Gerd Baumann

1953-2014

by Alex Strating

On January 15 Gerd Baumann died at the age of 60. Although his death was not unexpected – in his own style he informed his colleagues – it was still a shock.

Gerd was born in 1953 in Aachen and began his academic training at the University of Cologne, where he studied Musicology, Linguistics and Ethnology. After his cand. phil. In 1975 he moved to The Queen’s University in Belfast to study Social Anthropology because of its strong ethnomusicology department. After finishing his BA Honours he went on an eighteen month’s period of field research in the Nuba Mountains of Sudan, which resulted in 1980 in his PhD Thesis: Miri Society, Culture, and Music: An Ethnography with Special Reference to Social Change and Affective Culture. Between 1980 and 1986 Gerd worked at Oxford University (St Anthony’s College and Wolfson College) and taught Ethnomusicology at the University of London. In 1986 he joined the newly founded Department of Human Sciences at Brunel University. During his stay at Brunel he combined teaching with  5 years of intensive fieldwork in Southall among the South Asian and Caribbean migrants. In 1996 this resulted in Contesting Culture. Discourses of Identity in Multi-Ethnic London, an innovative and highly acclaimed study on the ways in which people affirm, rethink and negotiate identity, culture and community.

In 1993 Gerd joined the Research Group Religion and Society at the department of Sociology and Anthropology of the UvA where he would stay for twenty years. Although he was quite critical about the bureaucratic organization of the university he felt completely at home in the department and became a central figure in research and in teaching. As a researcher he further developed his ideas on multi-cultural societies and identity(f.i. The  Multicultural Riddle [1999];Grammars of Identity/Alterity [2004, edited with Andre Gingrich], but published also articles on religion, ritual, politics, fieldwork and, more recently, together with his dear friend Marie Gillespie, on the BBC World Service. In total he wrote and (co-)edited more than 20 books and published more than 100 articles, making him an internationally well known and highly respected scholar.

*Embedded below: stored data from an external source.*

lemma dominated_linear_graph_extend_graph:
  assumes G: "dominated_linear_graph G" and f0: "f0 \<in> S" and new: "\<nexists>a. (f0, a) \<in> G"
    and lower: "\<And>g b. (g, b) \<in> G \<Longrightarrow> b - p (\<lambda>x. g x - f0 x) \<le> a0"
    and upper: "\<And>h d. (h, d) \<in> G \<Longrightarrow> a0 \<le> p (\<lambda>x. h x + f0 x) - d"
  shows "dominated_linear_graph (extend_graph G f0 a0)"
proof -
  let ?G' = "extend_graph G f0 a0"
  show ?thesis
    unfolding dominated_linear_graph_def
  proof (intro conjI allI impI)
    show "?G' \<noteq> {}" using extend_graph_mem_new[OF G] by blast
  next
    fix f a assume "(f, a) \<in> ?G'"
    then obtain g b c where "(g, b) \<in> G" "f = (\<lambda>x. g x + c * f0 x)" "a = b + c * a0"
      by (rule extend_graph_memE)
    then show "f \<in> S" "a \<le> p f"
      using separating_value_dominates[OF G f0 lower upper] graph_mem[OF G] f0
      by (auto intro: add_mem scale_mem)
  next
    fix f a f' a' assume "(f, a) \<in> ?G'" "(f', a') \<in> ?G'"
    moreover obtain g b c where "(g, b) \<in> G" "f = (\<lambda>x. g x + c * f0 x)" "a = b + c * a0"
      using \<open>(f, a) \<in> ?G'\<close> by (rule extend_graph_memE)
    moreover obtain g' b' c' where "(g', b') \<in> G" "f' = (\<lambda>x. g' x + c' * f0 x)" "a' = b' + c' * a0"
      using \<open>(f', a') \<in> ?G'\<close> by (rule extend_graph_memE)
    ultimately show "((\<lambda>x. f x + f' x), a + a') \<in> ?G'"
      using extend_graph_memI[OF graph_add[OF G], of g b g' b' "c + c'" f0 a0]
      by (simp add: algebra_simps)
  next
    fix f a k assume "(f, a) \<in> ?G'"
    then obtain g b c where "(g, b) \<in> G" "f = (\<lambda>x. g x + c * f0 x)" "a = b + c * a0"
      by (rule extend_graph_memE)
    then show "((\<lambda>x. k * f x), k * a) \<in> ?G'"
      using extend_graph_memI[OF graph_scale[OF G], of g b k "k * c" f0 a0]
      by (simp add: algebra_simps)
  next
    fix f a a' assume "(f, a) \<in> ?G'" "(f, a') \<in> ?G'"
    obtain g b c where gb: "(g, b) \<in> G" and f: "f = (\<lambda>x. g x + c * f0 x)" and a: "a = b + c * a0"
      using \<open>(f, a) \<in> ?G'\<close> by (rule extend_graph_memE)
    obtain g' b' c' where gb': "(g', b') \<in> G" and f': "f = (\<lambda>x. g' x + c' * f0 x)"
      and a': "a' = b' + c' * a0"
      using \<open>(f, a') \<in> ?G'\<close> by (rule extend_graph_memE)
    show "a = a'"
      using extend_graph_functional[OF G new gb gb'] f f' a a' by simp
  qed
qed

theorem dominated_linear_functional_exists:
  "\<exists>L. (\<forall>f\<in>S. \<forall>g\<in>S. L (\<lambda>x. f x + g x) = L f + L g)
     \<and> (\<forall>f\<in>S. \<forall>c. L (\<lambda>x. c * f x) = c * L f)
     \<and> (\<forall>f\<in>S. L f \<le> p f)"
proof -
  have singleton: "dominated_linear_graph {((\<lambda>_. 0), 0)}"
    unfolding dominated_linear_graph_def using zero_mem positive_homogeneous[OF zero_mem, of 2]
    by auto
  have "\<forall>C \<in> chains {G. dominated_linear_graph G}. \<exists>U \<in> {G. dominated_linear_graph G}. \<forall>X\<in>C. X \<subseteq> U"
  proof
    fix C assume C: "C \<in> chains {G. dominated_linear_graph G}"
    show "\<exists>U \<in> {G. dominated_linear_graph G}. \<forall>X\<in>C. X \<subseteq> U"
    proof (cases "C = {}")
      case True
      then show ?thesis using singleton by blast
    next
      case False
      then show ?thesis using dominated_linear_graph_Union[OF C] by blast
    qed
  qed
  from Zorn_Lemma2[OF this] obtain M where M: "dominated_linear_graph M"
    and maximal: "\<And>G. dominated_linear_graph G \<Longrightarrow> M \<subseteq> G \<Longrightarrow> G = M"
    by blast
  have total: "\<exists>a. (f, a) \<in> M" if f: "f \<in> S" for f
  proof (rule ccontr)
    assume new: "\<nexists>a. (f, a) \<in> M"
    obtain a0 where lower: "\<And>g b. (g, b) \<in> M \<Longrightarrow> b - p (\<lambda>x. g x - f x) \<le> a0"
      and upper: "\<And>h d. (h, d) \<in> M \<Longrightarrow> a0 \<le> p (\<lambda>x. h x + f x) - d"
      using separating_value_exists[OF M f] by blast
    have "dominated_linear_graph (extend_graph M f a0)"
      using dominated_linear_graph_extend_graph[OF M f new lower upper] .
    then have "extend_graph M f a0 = M" using maximal subset_extend_graph by blast
    then show False using new extend_graph_mem_new[OF M] by metis
  qed
  define L where "L f = (THE a. (f, a) \<in> M)" for f
  have L_eq: "L f = a" if "(f, a) \<in> M" for f a
    unfolding L_def using that graph_functional[OF M that] by blast
  have L_mem: "(f, L f) \<in> M" if "f \<in> S" for f
    using total[OF that] L_eq by blast
  show ?thesis
    using L_eq[OF graph_add[OF M L_mem L_mem]] L_eq[OF graph_scale[OF M L_mem]]
      graph_le[OF M L_mem] by blast
qed

end

section \<open>Invariant means on abelian groups\<close>

definition bounded_fun :: "('b \<Rightarrow> real) \<Rightarrow> bool" where
  "bounded_fun f \<longleftrightarrow> (\<exists>B. \<forall>x. \<bar>f x\<bar> \<le> B)"

lemma bounded_funI: "(\<And>x. \<bar>f x\<bar> \<le> B) \<Longrightarrow> bounded_fun f"
  unfolding bounded_fun_def by blast

lemma bounded_fun_const: "bounded_fun (\<lambda>_. c)"
  by (rule bounded_funI[of _ "\<bar>c\<bar>"]) simp

lemma bounded_fun_comp: "bounded_fun f \<Longrightarrow> bounded_fun (\<lambda>x. f (g x))"
  unfolding bounded_fun_def by blast

lemma bounded_fun_add:
  assumes "bounded_fun f" and "bounded_fun g"
  shows "bounded_fun (\<lambda>x. f x + g x)"
proof -
  obtain B C where "\<And>x. \<bar>f x\<bar> \<le> B" and "\<And>x. \<bar>g x\<bar> \<le> C"
    using assms unfolding bounded_fun_def by blast
  then have "\<bar>f x + g x\<bar> \<le> B + C" for x
    by (meson abs_triangle_ineq add_mono order_trans)
  then show ?thesis by (rule bounded_funI)
qed

lemma bounded_fun_scale:
  assumes "bounded_fun f"
  shows "bounded_fun (\<lambda>x. c * f x)"
proof -
  obtain B where "\<And>x. \<bar>f x\<bar> \<le> B"
    using assms unfolding bounded_fun_def by blast
  then have "\<bar>c * f x\<bar> \<le> \<bar>c\<bar> * B" for x
    by (simp add: abs_mult mult_left_mono)
  then show ?thesis by (rule bounded_funI)
qed

lemma bounded_fun_uminus: "bounded_fun f \<Longrightarrow> bounded_fun (\<lambda>x. - f x)"
  using bounded_fun_scale[of f "-1"] by simp

lemma bounded_fun_diff: "bounded_fun f \<Longrightarrow> bounded_fun g \<Longrightarrow> bounded_fun (\<lambda>x. f x - g x)"
  using bounded_fun_add[OF _ bounded_fun_uminus, of f g] by simp

lemma bounded_fun_sum:
  "(\<And>i. i \<in> I \<Longrightarrow> bounded_fun (g i)) \<Longrightarrow> bounded_fun (\<lambda>x. \<Sum>i\<in>I. g i x)"
  by (induction I rule: infinite_finite_induct) (auto intro: bounded_fun_add bounded_fun_const)

definition shift_average :: "'a::ab_group_add list \<Rightarrow> ('a \<Rightarrow> real) \<Rightarrow> 'a \<Rightarrow> real" where
  "shift_average ts f x = (\<Sum>t\<leftarrow>ts. f (x + t)) / length ts"

definition sup_shift_average :: "'a::ab_group_add list \<Rightarrow> ('a \<Rightarrow> real) \<Rightarrow> real" where
  "sup_shift_average ts f = (SUP x. shift_average ts f x)"

definition upper_mean :: "('a::ab_group_add \<Rightarrow> real) \<Rightarrow> real" where
  "upper_mean f = Inf {sup_shift_average ts f | ts. ts \<noteq> []}"

lemma shift_average_bounds:
  assumes "\<And>x. \<bar>f x\<bar> \<le> B" and "ts \<noteq> []"
  shows "\<bar>shift_average ts f x\<bar> \<le> B"
proof -
  have "\<bar>\<Sum>t\<leftarrow>ts. f (x + t)\<bar> \<le> (\<Sum>t\<leftarrow>ts. \<bar>f (x + t)\<bar>)"
    using sum_list_abs[of "map (\<lambda>t. f (x + t)) ts"] by (simp add: comp_def)
  also have "\<dots> \<le> (\<Sum>t\<leftarrow>ts. B)"
    using assms(1) by (intro sum_list_mono)
  finally show ?thesis
    using assms(2) unfolding shift_average_def sum_list_triv by (simp add: field_simps)
qed

lemma shift_average_le_sup:
  assumes "bounded_fun f" and "ts \<noteq> []"
  shows "shift_average ts f x \<le> sup_shift_average ts f"
proof -
  obtain B where B: "\<And>x. \<bar>f x\<bar> \<le> B"
    using assms(1) unfolding bounded_fun_def by blast
  have "bdd_above (range (shift_average ts f))"
    using shift_average_bounds[OF B assms(2)] by (intro bdd_aboveI[of _ B]) (auto simp: abs_le_iff)
  then show ?thesis
    unfolding sup_shift_average_def by (rule cSUP_upper[rotated]) simp
qed

lemma sup_shift_average_least:
  "(\<And>x. shift_average ts f x \<le> c) \<Longrightarrow> sup_shift_average ts f \<le> c"
  unfolding sup_shift_average_def by (rule cSUP_least) auto

lemma upper_mean_le:
  assumes "bounded_fun f" and "ts \<noteq> []"
  shows "upper_mean f \<le> sup_shift_average ts f"
proof -
  obtain B where B: "\<And>x. \<bar>f x\<bar> \<le> B"
    using assms(1) unfolding bounded_fun_def by blast
  have "- B \<le> sup_shift_average us f" if "us \<noteq> []" for us
    using shift_average_le_sup[OF assms(1) that, where x = 0] shift_average_bounds[of f B, OF B that, where x = 0]
    by linarith
  then have "bdd_below {sup_shift_average ts f | ts. ts \<noteq> []}"
    by (intro bdd_belowI[of _ "- B"]) auto
  then show ?thesis
    unfolding upper_mean_def by (rule cInf_lower[rotated]) (use assms(2) in auto)
qed

lemma upper_mean_greatest:
  "(\<And>ts. ts \<noteq> [] \<Longrightarrow> c \<le> sup_shift_average ts f) \<Longrightarrow> c \<le> upper_mean f"
  unfolding upper_mean_def by (rule cInf_greatest) (auto intro!: exI[of _ "[0]"])

lemma upper_mean_le_sup:
  assumes "bounded_fun f" and "\<And>x. f x \<le> c"
  shows "upper_mean f \<le> c"
proof -
  have "upper_mean f \<le> sup_shift_average [0] f"
    using upper_mean_le[OF assms(1)] by simp
  also have "\<dots> \<le> c"
    using assms(2) by (intro sup_shift_average_least) (simp add: shift_average_def)
  finally show ?thesis .
qed

lemma sum_list_divide: "(\<Sum>x\<leftarrow>xs. f x / c) = (\<Sum>x\<leftarrow>xs. f x) / (c :: 'a::field)"
  by (induction xs) (simp_all add: add_divide_distrib)

lemma sum_list_map_swap:
  "(\<Sum>t\<leftarrow>ts. \<Sum>s\<leftarrow>ss. F t s) = (\<Sum>s\<leftarrow>ss. \<Sum>t\<leftarrow>ts. F t s :: 'a::comm_monoid_add)"
  by (induction ts) (simp_all add: sum_list_addf)

lemma shift_average_sums:
  fixes ts ss :: "'a::ab_group_add list"
  assumes "ts \<noteq> []" and "ss \<noteq> []"
  shows "shift_average [t + s. t \<leftarrow> ts, s \<leftarrow> ss] f x = (\<Sum>t\<leftarrow>ts. shift_average ss f (x + t)) / length ts"
    and "shift_average [t + s. t \<leftarrow> ts, s \<leftarrow> ss] f x = (\<Sum>s\<leftarrow>ss. shift_average ts f (x + s)) / length ss"
proof -
  have sum: "(\<Sum>u\<leftarrow>[t + s. t \<leftarrow> ts, s \<leftarrow> ss]. h u) = (\<Sum>t\<leftarrow>ts. \<Sum>s\<leftarrow>ss. h (t + s))" for h :: "'a \<Rightarrow> real"
    by (induction ts) (simp_all add: comp_def)
  have len: "length [t + s. t \<leftarrow> ts, s \<leftarrow> ss] = length ts * length ss"
    by (induction ts) simp_all
  show "shift_average [t + s. t \<leftarrow> ts, s \<leftarrow> ss] f x = (\<Sum>t\<leftarrow>ts. shift_average ss f (x + t)) / length ts"
    unfolding shift_average_def sum len
    by (simp add: add.assoc sum_list_divide)
  have "(\<Sum>t\<leftarrow>ts. \<Sum>s\<leftarrow>ss. f (x + (t + s))) = (\<Sum>s\<leftarrow>ss. \<Sum>t\<leftarrow>ts. f ((x + s) + t))"
    unfolding sum_list_map_swap[of _ ts] by (simp add: ac_simps)
  then show "shift_average [t + s. t \<leftarrow> ts, s \<leftarrow> ss] f x = (\<Sum>s\<leftarrow>ss. shift_average ts f (x + s)) / length ss"
    unfolding shift_average_def sum len by (simp add: sum_list_divide)
qed

lemma average_le:
  assumes "ss \<noteq> []" and "\<And>s. s \<in> set ss \<Longrightarrow> h s \<le> c"
  shows "(\<Sum>s\<leftarrow>ss. h s) / length ss \<le> (c :: real)"
proof -
  have "(\<Sum>s\<leftarrow>ss. h s) \<le> (\<Sum>s\<leftarrow>ss. c)"
    using assms(2) by (rule sum_list_mono)
  then show ?thesis
    using assms(1) unfolding sum_list_triv by (simp add: field_simps)
qed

His international reputation became evident when in 1997 he was elected member of the Executive Committee of the European Association of Social Anthropologists, on which he served for four years, the last two years as chairman. In that capacity he surprised and impressed the 800 members attending the closing session of the bi-annual conference in the concert hall of Cracow by ending his speech with playing Chopin on the piano that happened to be on stage, bringing the two great loves of his life – anthropology and music – together.

Gerd loved teaching and loved to interact with students who in return loved him for his original and stimulating approach to lectures and seminars. His sense of humor, enthusiasm,  vast knowledge and the fact that he took them seriously, made him ‘popular’ (a qualification he hated, but nevertheless it was true) with all students, first year students as well as PhD’s. Gerd taught several courses in the twenty years in Amsterdam but two of them were special to him: The Multi-Cultural Riddle and The Methodological Clinic for PhD’s. He referred to them as ‘my babies’ and was really sad when he had to drop the Multi-Cultural Riddle a few years ago. 

Gerd’s ashes were buried in the family grave in Germany during a private ceremony on Monday February 3. At the end of that day students, friends, colleagues and Gerd’s younger brother and his wife came together in one of his favorite hang-outs to commemorate him and share stories about his life. These stories were testimonies to the fact that with Gerd we lose a very special, humane, obstinate and dear colleague and friend.